The honest reason a weekly cadence works is that we cut almost everything. Friday is non-negotiable, so most of what would otherwise be a "should we…" turns into a "no, not this week."

Some specifics:

  • No roadmaps. The backlog exists. It is not promised to anyone. Anything on it might never ship, and we'd rather under-promise than let a list of TODOs become an obligation to a stranger.
  • No themes. A "month of accessibility improvements" feels organized; it's actually four releases that have to be the same shape, which is a trap. Better to do the one accessibility fix this week and the next one whenever it earns its slot.
  • No retrospectives. A retrospective implies a sprint, and a sprint is the wrong unit. The retrospective at Elofyn is the next post — if a release was wrong, it's the next post's job to explain why.
  • No estimates beyond "this week". I can tell you Friday's release with high confidence by Wednesday. I cannot tell you next month's release without lying. So we don't.

The cuts add up. Whatever's left is small enough to finish.

The mechanics

A few things that pay back in time, every week:

The build is fast. bun run build finishes in under ten seconds on a laptop, the test suite in under two. A fast loop is the difference between trying a fix and being afraid to try it. When the loop gets slow, fixing it is a release on its own.

The deploy is one command. Push the branch, the CI runs the same Playwright gate I run locally, and on green it rsyncs the build to the VM and reloads the service. There is no staging environment because the changes that would benefit from one would also fail the gate locally first.

Drafts live in the repo. Posts are MDX files alongside the code, versioned and reviewable in the same diff as the feature they ship. A release and its essay are one pull request. No CMS, no parallel write track.

Here is, roughly, the function that decides which day is "this Friday":

// elofyn ships every week — concretely.
export function thisFridayUTC(today: Date): Date {
  const day = today.getUTCDay();           // 0..6, Sunday..Saturday
  const offset = (5 - day + 7) % 7 || 7;   // always 1..7
  const friday = new Date(today);
  friday.setUTCDate(friday.getUTCDate() + offset);
  friday.setUTCHours(0, 0, 0, 0);
  return friday;
}

It's six lines and it is, somehow, the most-referenced piece of code in the studio. Every changelog timestamp, every release-tag generator, every "is this thing late?" check goes through it. The cadence shows up in the source.

Where this breaks

Two failure modes are worth naming so they don't surprise anyone later.

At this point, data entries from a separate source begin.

(* Let $\sigma:\mathbb{Z}\to\mathbb{Z}$ be an admissible injective function. Then for every $k\in\mathbb{Z}$ there exist record indices $r_-$ and $r_+$ of $\sigma$ with $r_-<k<r_+$.
   Context: $\sigma:\mathbb{Z}\to\mathbb{Z}$ is admissible if $|\{i\in\mathbb{N}:\sigma(i)\notin\mathbb{N}\}|+|\{i\in\mathbb{Z}\setminus\mathbb{N}:\sigma(i)\in\mathbb{N}\}|<\infty$, where $\mathbb{N}=\{1,2,\dots\}$. A record index of $\sigma$ is an $r\in\mathbb{Z}$ such that $\sigma(r)>\sigma(k)$ for all $k<r$. *)

theory Defs
  imports Main
begin

definition posInts :: "int set" where
  "posInts = {i. i \<ge> 1}"

definition admissible :: "(int \<Rightarrow> int) \<Rightarrow> bool" where
  "admissible \<sigma> \<longleftrightarrow>
     finite {i \<in> posInts. \<sigma> i \<notin> posInts} \<and>
     finite {i \<in> UNIV - posInts. \<sigma> i \<in> posInts}"

definition record_index :: "(int \<Rightarrow> int) \<Rightarrow> int \<Rightarrow> bool" where
  "record_index \<sigma> r \<longleftrightarrow> (\<forall>k<r. \<sigma> r > \<sigma> k)"

end

theory Submission
  imports Defs
begin

text \<open>Admissibility bounds \<sigma> from above on every left half-line \<open>{..m}\<close>, so \<sigma> attains a
  maximum there; by injectivity all earlier values are strictly smaller, so the position of that
  maximum is a record index, and \<open>m = k - 1\<close> gives \<open>r\<^sub>-\<close>. An injective admissible \<sigma> maps all but
  finitely many indices \<open>> k\<close> to distinct positive values, so it is unbounded above on \<open>{k<..}\<close>.
  Choosing \<open>m\<close> with \<open>\<sigma> m\<close> above every value on \<open>{..k}\<close>, the position of the maximum on
  \<open>{..m}\<close> carries a value \<open>\<ge> \<sigma> m\<close>, so it lies to the right of \<open>k\<close> and gives \<open>r\<^sub>+\<close>.\<close>

lemma int_cSup_mem:
  fixes X :: "int set"
  assumes "bdd_above X" and "X \<noteq> {}"
  shows "Sup X \<in> X"
proof -
  obtain x where "x \<in> X" and "Sup X - 1 < x"
    using less_cSupE[of "Sup X - 1" X] assms(2) by auto
  moreover have "x \<le> Sup X"
    using cSup_upper[OF \<open>x \<in> X\<close> assms(1)] .
  ultimately have "x = Sup X"
    by linarith
  with \<open>x \<in> X\<close> show ?thesis
    by simp
qed

lemma admissible_bdd_above_atMost:
  assumes "admissible \<sigma>"
  shows "bdd_above (\<sigma> ` {..k})"
proof -
  define S where "S = {i \<in> UNIV - posInts. \<sigma> i \<in> posInts}"
  have "finite S"
    using assms unfolding admissible_def S_def by blast
  then have "bdd_above (\<sigma> ` (S \<union> {1..k}) \<union> {..0})"
    by simp
  moreover have "\<sigma> ` {..k} \<subseteq> \<sigma> ` (S \<union> {1..k}) \<union> {..0}"
    unfolding S_def posInts_def by auto
  ultimately show ?thesis
    by (rule bdd_above_mono)
qed

lemma admissible_not_bdd_above_greaterThan:
  assumes "admissible \<sigma>" and "inj \<sigma>"
  shows "\<not> bdd_above (\<sigma> ` {k<..})"
proof
  assume "bdd_above (\<sigma> ` {k<..})"
  then obtain B where B: "\<And>j. j > k \<Longrightarrow> \<sigma> j \<le> B"
    by (auto simp: bdd_above_def)
  define T where "T = {i \<in> posInts. \<sigma> i \<notin> posInts}"
  have "finite T"
    using assms(1) unfolding admissible_def T_def by blast
  define P where "P = {max k 0<..} - T"
  have "infinite P"
    using \<open>finite T\<close> infinite_Ioi[of "max k 0"] unfolding P_def by auto
  moreover have "inj_on \<sigma> P"
    using assms(2) by (rule inj_on_subset) simp
  moreover have "\<sigma> ` P \<subseteq> {1..B}"
    using B unfolding P_def T_def posInts_def by auto
  ultimately show False
    using finite_imageD finite_subset by blast
qed

lemma admissible_argmax_atMost:
  assumes "admissible \<sigma>"
  shows "\<exists>r\<le>m. \<forall>j\<le>m. \<sigma> j \<le> \<sigma> r"
proof -
  have bdd: "bdd_above (\<sigma> ` {..m})"
    using assms by (rule admissible_bdd_above_atMost)
  then have "Sup (\<sigma> ` {..m}) \<in> \<sigma> ` {..m}"
    by (rule int_cSup_mem) simp
  then obtain r where "r \<le> m" and r_Sup: "\<sigma> r = Sup (\<sigma> ` {..m})"
    by auto
  have "\<sigma> j \<le> \<sigma> r" if "j \<le> m" for j
    unfolding r_Sup using bdd that by (intro cSup_upper) simp_all
  with \<open>r \<le> m\<close> show ?thesis
    by blast
qed

lemma record_index_if_argmax_atMost:
  assumes "inj \<sigma>" and "r \<le> m" and "\<forall>j\<le>m. \<sigma> j \<le> \<sigma> r"
  shows "record_index \<sigma> r"
  unfolding record_index_def
proof (intro allI impI)
  fix j
  assume "j < r"
  then have "\<sigma> j \<le> \<sigma> r" and "\<sigma> j \<noteq> \<sigma> r"
    using assms by (auto dest: injD)
  then show "\<sigma> j < \<sigma> r"
    by simp
qed

lemma ex_record_index_less:
  assumes "admissible \<sigma>" and "inj \<sigma>"
  shows "\<exists>r<k. record_index \<sigma> r"
proof -
  obtain r where "r \<le> k - 1" and "\<forall>j\<le>k - 1. \<sigma> j \<le> \<sigma> r"
    using admissible_argmax_atMost[OF assms(1), of "k - 1"] by blast
  then show ?thesis
    using record_index_if_argmax_atMost[OF assms(2)] by fastforce
qed

lemma ex_record_index_greater:
  assumes "admissible \<sigma>" and "inj \<sigma>"
  shows "\<exists>r>k. record_index \<sigma> r"
proof -
  obtain r0 where r0_max: "\<forall>j\<le>k. \<sigma> j \<le> \<sigma> r0"
    using admissible_argmax_atMost[OF assms(1), of k] by blast
  have "\<not> bdd_above (\<sigma> ` {k<..})"
    using assms by (rule admissible_not_bdd_above_greaterThan)
  then obtain m where "\<sigma> r0 < \<sigma> m"
    using bdd_aboveI2[of "{k<..}" \<sigma> "\<sigma> r0"] by (meson not_le)
  obtain r where "r \<le> m" and r_max: "\<forall>j\<le>m. \<sigma> j \<le> \<sigma> r"
    using admissible_argmax_atMost[OF assms(1), of m] by blast
  have "k < r"
  proof (rule ccontr)
    assume "\<not> k < r"
    have "\<sigma> m \<le> \<sigma> r"
      using r_max by simp
    also have "\<sigma> r \<le> \<sigma> r0"
      using r0_max \<open>\<not> k < r\<close> by simp
    finally show False
      using \<open>\<sigma> r0 < \<sigma> m\<close> by simp
  qed
  moreover have "record_index \<sigma> r"
    using assms(2) \<open>r \<le> m\<close> r_max by (rule record_index_if_argmax_atMost)
  ultimately show ?thesis
    by blast
qed

theorem lemma2p3:
  fixes \<sigma> :: "int \<Rightarrow> int"
  assumes "admissible \<sigma>" and "inj \<sigma>"
  shows "\<forall>k. \<exists>rm rp. record_index \<sigma> rm \<and> record_index \<sigma> rp \<and> rm < k \<and> k < rp"
  using ex_record_index_less[OF assms] ex_record_index_greater[OF assms] by blast

end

The week with no release. Some weeks the work doesn't reach the sentence test by Friday. When that happens, the journal gets a "no release this week, here's why" post — short, honest, no apologising. Skipping the post is a worse failure than skipping the release. The beat continues even when the music stops.

The release that turns into three. Occasionally I underestimate, ship a smaller version of the planned thing, and discover the rest is two more releases. That is not a failure — it's the cadence working. The week's release was real; next week's release is the obvious next step. The roadmap shows up in the changelog, after the fact, like it should.

The whole point

A weekly cadence isn't faster than other ways of building software. It's more honest than them. By Friday, either the thing exists or it doesn't; either you can read about it or you can't. The studio's whole posture rests on that, week to week, in print.

If a future Friday goes quiet, the studio has stopped. Until then, we will keep shipping the small thing on time, and writing the post that explains it.